Each sample point in a sample frame is a linear, 2's complement value. The sample points are from 1 to 32 bits wide, as determined by the sampleSize parameter in the Common Chunk. Sample points are stored in an integral number of contiguous bytes. One to 8 bit wide sample points are stored in one byte, 9 to 16 bit wide sample points are stored in two bytes, 17 to 24 bit wide sample points are stored in 3 bytes, and 25 to 32 bit wide samples are stored in 4 bytes. When the width of a sample point is less than a multiple of 8 bits, the sample point data is left justified, with the remaining bits zeroed. An example case is illustrated below. A 12 bit sample point, binary 101000010111, is stored left justified in two bytes. The remaining bits are set to zero.

sample points

Sample Frames

Sample frames are stored contiguously in order of increasing time. The sample points within a sample frame are packed together, there are no unused bytes between them. Likewise, the sample frames are packed together with no pad bytes.

Block-Aligning Sound Data

There may be some applications that, to insure real time recording and playback of audio, wish to align sampled sound data with fixed-size blocks. This can be accomplished with the offset and blockSize parameters, as shown below.

Block-Aligning Sound Data

In the above figure, the first sample frame starts at the beginning of block N. This is accomplished by skipping the first offset bytes of the soundData. Note too that the soundData array can extend beyond valid sample frames, allowing the soundData array to end on a block boundary.

blockSize specifies the size in bytes of the block that is to be aligned to. A blockSize of zero indicates that the sound data does not need to be block-aligned. Applications that don't care about block alignment should set blockSize and offset to zero when writing Audio IFF files. Applications that write block-aligned sound data should set blockSize to the appropriate block size. Applications that modify an existing Audio IFF file should try to preserve alignment of the sound data, although this is not required. If an application doesn't preserve alignment, it should set blockSize and offset to zero. If an application needs to realign sound data to a different sized block, it should update blockSize and offset accordingly.

The Sound Data Chunk is required unless the numSampleFrames field in the Common Chunk is zero. A maximum of one Sound Data Chunk can appear in a FORM AIFF.

Marker Chunk

The Marker Chunk contains markers that point to positions in the sound data. Markers can be used for whatever purposes an application desires. The Instrument Chunk, defined later in this document, uses markers to mark loop beginning and end points, for example.

Markers

A marker has the following format.

typedef short   MarkerId;
typedef struct {
    MarkerId            id;
    unsigned long       position;
    pstring             markerName;
} Marker;

id is a number that uniquely identifies the marker within a FORM AIFF. The id can be any positive non-zero integer, as long as no other marker within the same FORM AIFF has the same id.

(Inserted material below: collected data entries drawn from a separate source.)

(* Let $X,Y\in\mathcal L^2$ have identical continuous and strictly increasing marginal distribution functions, let $C$ be the copula of $(X,Y)$, and let $r\in[-1,1]$. The following are equivalent: (i) $(X,Y)\in\mathrm{IC}_r$; (ii) $\frac{C(u,v)+C(v,u)}{2}=rM(u,v)+(1-r)\Pi(u,v)$ for all $(u,v)\in[0,1]^2$; (iii) $r\in[0,1]$ and the positive Fréchet copula $C_r^{\mathrm F}$ is the copula of the random rearrangement of $(X,Y)$.
   Context: $\mathcal L^2$ is the set of non-degenerate real random variables with finite variance. $(X,Y)\in\mathrm{IC}_r$ means $\mathrm{Corr}(X,Y)=\mathrm{Corr}(g(X),g(Y))=r$ for every measurable $g$ with $g(X),g(Y)\in\mathcal L^2$. $M(u,v)=\min(u,v)$, $\Pi(u,v)=uv$, and $C_r^{\mathrm F}=rM+(1-r)\Pi$. With $(\pi_1,\pi_2)$ uniform on $\{(1,2),(2,1)\}$ independent of $(X_1,X_2)=(X,Y)$, the random rearrangement is $(X_{\pi_1},X_{\pi_2})$, whose law is the equal mixture of the laws of $(X,Y)$ and $(Y,X)$. *)

theory Defs
  imports "HOL-Probability.Probability"
begin

definition dfun :: "'a measure \<Rightarrow> ('a \<Rightarrow> real) \<Rightarrow> real \<Rightarrow> real" where
  "dfun M X x = measure M {\<omega> \<in> space M. X \<omega> \<le> x}"

definition mean :: "'a measure \<Rightarrow> ('a \<Rightarrow> real) \<Rightarrow> real" where
  "mean M X = integral\<^sup>L M X"

definition var :: "'a measure \<Rightarrow> ('a \<Rightarrow> real) \<Rightarrow> real" where
  "var M X = integral\<^sup>L M (\<lambda>\<omega>. (X \<omega> - mean M X)\<^sup>2)"
lemma wanda_wins_if_moves_last:
  fixes c :: "nat \<Rightarrow> 'a::field option"
  assumes "infinite (UNIV :: 'a set)" "0 < d"
  shows "card (free_coeffs d c) = Suc n \<Longrightarrow> legal_position d c \<Longrightarrow> (w \<longleftrightarrow> odd (Suc n)) \<Longrightarrow>
    wanda_wins d (Suc n) w c"
proof (induction n arbitrary: c w)
  case 0
  then have "card (free_coeffs d c) = 1"
    by simp
  then obtain j where free: "free_coeffs d c = {j}"
    by (rule card_1_singletonE)
  then have "j \<le> d"
    by (auto simp: free_coeffs_def)
  define p where "p = game_poly d (c(j := Some 0))"
  note p = last_move_poly[OF free "0.prems"(2), folded p_def]
  have "p \<noteq> 0"
  proof (cases "j = 0")
    case True
    with p(4) \<open>0 < d\<close> have "coeff p d \<noteq> 0"
      by simp
    then show ?thesis
      by auto
  next
    case False
    with p(3) have "coeff p 0 \<noteq> 0"
      by simp
    then show ?thesis
      by auto
  qed
  then obtain a where "a \<noteq> 0" "has_root (p + monom a j)"
    using ex_monom_add_has_root assms(1) by blast
  moreover have "game_poly d (c(j := Some a)) = p + monom a j"
    unfolding p_def using \<open>j \<le> d\<close> by (rule game_poly_upd)
  ultimately have "legal_move d c j a" "wanda_wins d 0 False (c(j := Some a))"
    by (simp_all add: legal_move_iff free)
  moreover have w
    using "0.prems"(3) by simp
  ultimately show ?case
    by auto
next
  case (Suc n)
  have next_wins: "wanda_wins d (Suc n) w' (c(i := Some a))"
    if move: "legal_move d c i a" and "w' \<longleftrightarrow> odd (Suc n)" for i a w'
    by (rule Suc.IH[OF card_free_coeffs_upd[OF move Suc.prems(1)] legal_position_upd[OF move Suc.prems(2)]])
      (use that(2) in simp)
  show ?case
  proof (cases w)
    case True
    from Suc.prems(1) have "free_coeffs d c \<noteq> {}"
      by auto
    then obtain i where "i \<in> free_coeffs d c"
      by blast
    then have "legal_move d c i 1"
      by (simp add: legal_move_iff)
    moreover have "\<not> odd (Suc n)"
      using True Suc.prems(3) by simp
    ultimately show ?thesis
      using True next_wins[of i 1 False] by auto
  next
    case False
    moreover have "odd (Suc n)"
      using False Suc.prems(3) by simp
    ultimately show ?thesis
      using next_wins[of _ _ True] by simp
  qed
qed
theorem mainTheorem16:
  fixes a :: lmat and xi :: "lpoly \<times> lpoly"
  assumes "CSCA a"
    and "palindrome (fst xi)" and "palindrome (snd xi)"
    and "lp_gcd_one (fst xi) (snd xi)"
  shows "(\<lambda>t::nat. real (vdeg ((mat_apply a ^^ t) xi)) / real t)
           \<longlonglongrightarrow> real (pdeg (mat_tr a))"
proof -
  define e where "e t = vdeg ((mat_apply a ^^ t) xi)" for t
  define m where "m = pdeg (mat_tr a)"
  have pal: "vpalindrome xi" using assms(2,3) by (simp add: vpalindrome_def)
  have nonzero: "xi \<noteq> ({}, {})" using assms(4) not_lp_gcd_one_empty by auto
  have "(\<lambda>t. real (e t) / real t) \<longlonglongrightarrow> real m"
  proof (cases "m = 0")
    case True
    then have "e t \<le> max (e 0) (e 1)" for t
      using vdeg_orbit_le[OF assms(1) pal]
      by (intro bounded_if_le_max_previous) (simp add: e_def m_def)
    then have "(\<lambda>t. real (e t) / real t) \<longlonglongrightarrow> 0" by (rule tendsto_ratio_bounded)
    with True show ?thesis by simp
  next
    case False
    then have "mat_tr a \<noteq> {}" by (auto simp: m_def)
    then have "\<exists>T. \<forall>k. e (T + k) = e T + k * m"
      using False vdeg_orbit_forward[OF assms(1) pal nonzero]
        vdeg_orbit_backward[OF assms(1) pal nonzero]
      by (intro eventually_arithmetic_progression) (simp_all add: e_def m_def)
    then show ?thesis using tendsto_ratio_arithmetic_progression by blast
  qed
  then show ?thesis by (simp add: e_def m_def)
qed

end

The marker's position in the sound data is determined by position . Markers conceptually fall between two sample frames. A marker that falls before the first sample frame in the sound data is at position zero, while a marker that falls between the first and second sample frame in the sound data is at position 1. Note that the units for position are sample frames, not bytes nor sample points.

sample frames

markerName is a Pascal-style text string containing the name of the mark.

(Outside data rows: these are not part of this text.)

lemma obtain_disjoint_shift_pairs:
  fixes p d :: int and C :: "int set"
  assumes "coprime p d" "C \<subseteq> {0..<p}"
  defines "\<sigma> \<equiv> \<lambda>b. (b + d) mod p"
  obtains B where "B \<subseteq> C" "\<sigma> ` B \<subseteq> C" "\<sigma> ` B \<inter> B = {}"
    "2 * card C \<le> 2 * card B + nat p + 1"
proof -
  \<comment> \<open>Along the progression \<open>\<phi>\<close>, adding d is the step j \<mapsto> j + 1; pairs starting at indices
    of equal parity are disjoint.\<close>
  define \<phi> where "\<phi> j = (d * j) mod p" for j
  have inj: "inj_on \<phi> {0..<p}"
    using inj_on_affine_mod[OF assms(1), of 0] by (simp add: \<phi>_def[abs_def])
  have surj: "\<phi> ` {0..<p} = {0..<p}"
    by (rule endo_inj_surj) (use inj in \<open>auto simp: \<phi>_def intro: pos_mod_bound\<close>)
  have \<sigma>_\<phi>: "\<sigma> (\<phi> j) = \<phi> (j + 1)" for j
    by (simp add: \<sigma>_def \<phi>_def mod_add_left_eq distrib_left)
  define K where "K = {j \<in> {0..<p}. \<phi> j \<in> C}"
  have "\<phi> ` K = C"
  proof
    show "C \<subseteq> \<phi> ` K"
    proof
      fix x assume "x \<in> C"
      then obtain j where "j \<in> {0..<p}" "x = \<phi> j" using surj assms(2) by blast
      with \<open>x \<in> C\<close> show "x \<in> \<phi> ` K" by (auto simp: K_def)
    qed
  qed (auto simp: K_def)
  moreover have K_sub: "K \<subseteq> {0..<p}" by (auto simp: K_def)
  ultimately have card_K: "card K = card C"
    using card_image[OF inj_on_subset[OF inj]] by metis
  have fin: "finite {j \<in> K. j + 1 \<in> K}"
    using K_sub by (simp add: finite_subset)
  obtain J where J: "J \<subseteq> {j \<in> K. j + 1 \<in> K}"
    "\<And>i j. i \<in> J \<Longrightarrow> j \<in> J \<Longrightarrow> even i = even j" "card {j \<in> K. j + 1 \<in> K} \<le> 2 * card J"
    using obtain_same_parity_subset[OF fin] by blast
  show ?thesis
  proof
    show "\<phi> ` J \<subseteq> C" "\<sigma> ` \<phi> ` J \<subseteq> C"
      using J(1) by (auto simp: K_def \<sigma>_\<phi>)
    show "\<sigma> ` \<phi> ` J \<inter> \<phi> ` J = {}"
    proof (rule ccontr)
      assume "\<sigma> ` \<phi> ` J \<inter> \<phi> ` J \<noteq> {}"
      then obtain i j where "i \<in> J" "j \<in> J" "\<phi> (i + 1) = \<phi> j" by (auto simp: \<sigma>_\<phi>)
      moreover have "i + 1 \<in> {0..<p}" "j \<in> {0..<p}" using J(1) K_sub \<open>i \<in> J\<close> \<open>j \<in> J\<close> by auto
      ultimately have "i + 1 = j" using inj by (auto dest: inj_onD)
      then show False using J(2)[OF \<open>i \<in> J\<close> \<open>j \<in> J\<close>] by auto
    qed
    have "card (\<phi> ` J) = card J"
      using J(1) K_sub by (intro card_image inj_on_subset[OF inj]) auto
    then show "2 * card C \<le> 2 * card (\<phi> ` J) + nat p + 1"
      using card_consecutive_pairs[of K p] J(3) card_K K_sub by simp
  qed
qed

lemma card_subsets_missing_difference:
  fixes p d :: int and C :: "int set"
  assumes "coprime p d" "C \<subseteq> {0..<p}"
  obtains n where "2 * card C \<le> 2 * n + nat p + 1"
    "4 ^ n * card {A \<in> Pow C. \<forall>b\<in>C - A. (b + d) mod p \<notin> A} \<le> 3 ^ n * 2 ^ card C"
proof -
  let ?\<sigma> = "\<lambda>b. (b + d) mod p"
  let ?F = "\<lambda>P. {A \<in> Pow C. \<forall>(x, y)\<in>P. y \<in> A \<longrightarrow> x \<in> A}"
  obtain B where B: "B \<subseteq> C" "?\<sigma> ` B \<subseteq> C" "?\<sigma> ` B \<inter> B = {}"
    "2 * card C \<le> 2 * card B + nat p + 1"
    by (rule obtain_disjoint_shift_pairs[OF assms])
  have fin: "finite C" "finite B"
    using assms(2) B(1) by (auto intro: finite_subset)
  have "inj_on (\<lambda>b. (d + 1 * b) mod p) {0..<p}" by (rule inj_on_affine_mod) simp
  then have "inj_on ?\<sigma> {0..<p}" by (simp add: add.commute)
  then have inj_\<sigma>: "inj_on ?\<sigma> C" using assms(2) by (rule inj_on_subset)
  define P where "P = (\<lambda>b. (b, ?\<sigma> b)) ` B"
  have card_P: "card P = card B" unfolding P_def by (rule card_image) (simp add: inj_on_def)
  have count: "4 ^ card P * card (?F P) = 3 ^ card P * 2 ^ card C"
  proof (rule card_subsets_closed_under_pairs)
    show "finite P" "finite C" using fin by (simp_all add: P_def)
    show "x \<in> C \<and> y \<in> C \<and> x \<noteq> y" if "(x, y) \<in> P" for x y
    proof -
      from that obtain b where "b \<in> B" "x = b" "y = ?\<sigma> b" by (auto simp: P_def)
      with B(1-3) show ?thesis by blast
    qed
    show "{x, y} \<inter> {x', y'} = {}"
      if "(x, y) \<in> P" "(x', y') \<in> P" "(x, y) \<noteq> (x', y')" for x y x' y'
    proof -
      from that obtain b b' where "b \<in> B" "b' \<in> B" "b \<noteq> b'"
        "x = b" "y = ?\<sigma> b" "x' = b'" "y' = ?\<sigma> b'" by (auto simp: P_def)
      moreover have "?\<sigma> b \<noteq> ?\<sigma> b'"
        using inj_onD[OF inj_\<sigma>] B(1) \<open>b \<in> B\<close> \<open>b' \<in> B\<close> \<open>b \<noteq> b'\<close> by blast
      ultimately show ?thesis using B(3) by blast
    qed
  qed
  have "{A \<in> Pow C. \<forall>b\<in>C - A. ?\<sigma> b \<notin> A} \<subseteq> ?F P"
    using B(1) by (auto simp: P_def)
  then have "card {A \<in> Pow C. \<forall>b\<in>C - A. ?\<sigma> b \<notin> A} \<le> card (?F P)"
    using fin(1) by (intro card_mono) simp_all
  then have "4 ^ card B * card {A \<in> Pow C. \<forall>b\<in>C - A. ?\<sigma> b \<notin> A} \<le> 4 ^ card B * card (?F P)"
    by (rule mult_le_mono2)
  also have "\<dots> = 3 ^ card B * 2 ^ card C" using count card_P by simp
  finally show ?thesis by (rule that[OF B(4)])
qed

lemma card_subsets_missing_difference_le:
  fixes p d :: int and C :: "int set"
  assumes "prime p" "C \<subseteq> {0..<p}" "d \<in> {1..<p}"
    and large: "ln (real_of_int p) / ln (4 / 3) < real (card C) - (real_of_int p + 1) / 2"
  shows "real (card {A \<in> Pow C. \<forall>b\<in>C - A. (b + d) mod p \<notin> A}) * real_of_int p \<le> 2 ^ card C"
proof -
  let ?N = "card {A \<in> Pow C. \<forall>b\<in>C - A. (b + d) mod p \<notin> A}"
  have "\<not> p dvd d" using assms(3) by (auto dest: zdvd_imp_le)
  then have "coprime p d" by (rule prime_imp_coprime[OF assms(1)])
  then obtain n where n: "2 * card C \<le> 2 * n + nat p + 1" "4 ^ n * ?N \<le> 3 ^ n * 2 ^ card C"
    using card_subsets_missing_difference assms(2) by blast
  have p_pos: "0 < p" using assms(3) by simp
  have "real (2 * card C) \<le> real (2 * n + nat p + 1)"
    using n(1) by (simp only: of_nat_le_iff)
  then have "real (card C) - (real_of_int p + 1) / 2 \<le> real n"
    using p_pos by (simp add: field_simps)
  with large have "ln (real_of_int p) / ln (4 / 3) < real n" by (rule less_le_trans)
  then have "ln (real_of_int p) < real n * ln (4 / 3)"
    by (simp add: pos_divide_less_eq)
  also have "\<dots> = ln ((4 / 3) ^ n)" by (simp add: ln_realpow)
  finally have "real_of_int p < (4 / 3) ^ n"
    using p_pos by simp
  then have "real ?N * real_of_int p \<le> real ?N * (4 / 3) ^ n"
    by (simp add: mult_left_mono)
  also have "\<dots> = real (4 ^ n * ?N) / 3 ^ n" by (simp add: power_divide)
  also have "\<dots> \<le> real (3 ^ n * 2 ^ card C) / 3 ^ n"
    using n(2) by (intro divide_right_mono) (simp_all only: of_nat_le_iff, simp)
  also have "\<dots> = 2 ^ card C" by simp
  finally show ?thesis .
qed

Note: Some "EA IFF 85" files store strings as C-strings (text bytes followed by a null terminating character) instead of Pascal-style strings. Audio IFF uses pstrings because they are more efficiently skipped over when scanning through chunks. Using pstrings, a program can skip over a string by adding the string count to the address of the first character. C strings require that each character in the string be examined for the null terminator.

Marker Chunk Format

The format for the data within a Marker Chunk is shown below.

#define MarkerID    'MARK'  /* ckID for Marker Chunk */
typedef struct {
    ID                  ckID;   
    long                ckSize;
    unsigned short      numMarkers;
    Marker              Markers[];
} MarkerChunk;

ckID is always 'MARK'. ckSize is the size of the data portion of the chunk, in bytes. It does not include the 8 bytes used by ckID and ckSize.

numMarkers is the number of markers in the Marker Chunk.

numMarkers, if non-zero, it is followed by the markers themselves. Because all fields in a marker are an even number of bytes in length, the length of any marker will always be even. Thus, markers are packed together with no unused bytes between them. The markers need not be ordered in any particular manner.

The Marker Chunk is optional. No more than one Marker Chunk can appear in a FORM AIFF.

Instrument Chunk

The Instrument Chunk defines basic parameters that an instrument, such as a sampler, could use to play back the sound data.

Looping

Sound data can be looped, allowing a portion of the sound to be repeated in order to lengthen the sound. The structure below describes a loop:

typedef struct {
    short           playMode;
    MarkerId        beginLoop;
    MarkerId        endLoop;
} Loop;

A loop is marked with two points, a begin position and an end position. There are two ways to play a loop, forward looping and forward/backward looping. In the case of forward looping, playback begins at the beginning of the sound, continues past the begin position and continues to the end position, at which point playback restarts again at the begin position. The segment between the begin and end positions, called the loop segment, is played over and over again, until interrupted by something, such as the release of a key on a sampling instrument, for example.

sample frames

With forward/backward looping, the loop segment is first played from the begin position to the end position, and then played backwards from the end position back to the begin position. This flip-flop pattern is repeated over and over again until interrupted.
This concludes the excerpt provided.